→ **Task prompt**: Where the string "lemma" occurs in the material below, report the whole line.

→ **Data extracts**:
theorem exists_k_connected_subgraph:
  assumes G: "graph V E" and "E \<noteq> {}" and "2 * k * card V \<le> card E"
  obtains W F where "subgraph W F V E" and "k_connected W F (Suc k)"
proof -
  define P where "P U \<longleftrightarrow> U \<subseteq> V \<and> mader_dense k U (induced_edges E U)" for U
  have "induced_edges E V = E" using G unfolding graph_def induced_edges_def by blast
  then have "P V" unfolding P_def using mader_dense_if_density[OF assms] by simp
  then obtain U where "P U" and min: "\<And>U'. P U' \<Longrightarrow> card U \<le> card U'"
    using ex_has_least_nat[of P V card] by blast
  then have "U \<subseteq> V" unfolding P_def by blast
  interpret mader_minimal U "induced_edges E U" k
  proof
    show "graph U (induced_edges E U)" using graph_induced[OF G \<open>U \<subseteq> V\<close>] .
    show "mader_dense k U (induced_edges E U)" using \<open>P U\<close> unfolding P_def by blast
    fix U' assume "U' \<subset> U"
    then have "card U' < card U"
      using \<open>U \<subseteq> V\<close> G unfolding graph_def by (meson psubset_card_mono finite_subset)
    then have "\<not> P U'" using min by (meson leD)
    then show "\<not> mader_dense k U' (induced_edges (induced_edges E U) U')"
      using \<open>U' \<subset> U\<close> \<open>U \<subseteq> V\<close> unfolding P_def by (simp add: induced_edges_induced_edges)
  qed
  show thesis using that subgraph_induced[OF G \<open>U \<subseteq> V\<close>] k_connected by blast
qed

lemma ex_proper_colouring_card:
  assumes "graph V E"
  shows "\<exists>c. proper_colouring V E (card V) c"
proof -
  obtain c where c: "bij_betw c V {0..<card V}"
    using ex_bij_betw_finite_nat[of V] assms unfolding graph_def by blast
  have "c u \<noteq> c v" if "{u, v} \<in> E" "u \<noteq> v" for u v
    using that assms c unfolding graph_def bij_betw_def inj_on_def by (metis insert_subset)
  then have "proper_colouring V E (card V) c"
    using c unfolding proper_colouring_def bij_betw_def by auto
  then show ?thesis by blast
qed

lemma chi_le: "proper_colouring V E k c \<Longrightarrow> chi V E \<le> k"
  unfolding chi_def by (rule Least_le) blast

lemma chi_le_card: "graph V E \<Longrightarrow> chi V E \<le> card V"
  using ex_proper_colouring_card by (blast intro: chi_le)

lemma ex_proper_colouring_chi:
  assumes "graph V E"
  shows "\<exists>c. proper_colouring V E (chi V E) c"
  unfolding chi_def using ex_proper_colouring_card[OF assms]
  by (rule LeastI_ex[where P = "\<lambda>k. Ex (proper_colouring V E k)", OF exI])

→ **Answer space**:
lemma ex_proper_colouring_card:
lemma chi_le: "proper_colouring V E k c \<Longrightarrow> chi V E \<le> k"
lemma chi_le_card: "graph V E \<Longrightarrow> chi V E \<le> card V"
lemma ex_proper_colouring_chi:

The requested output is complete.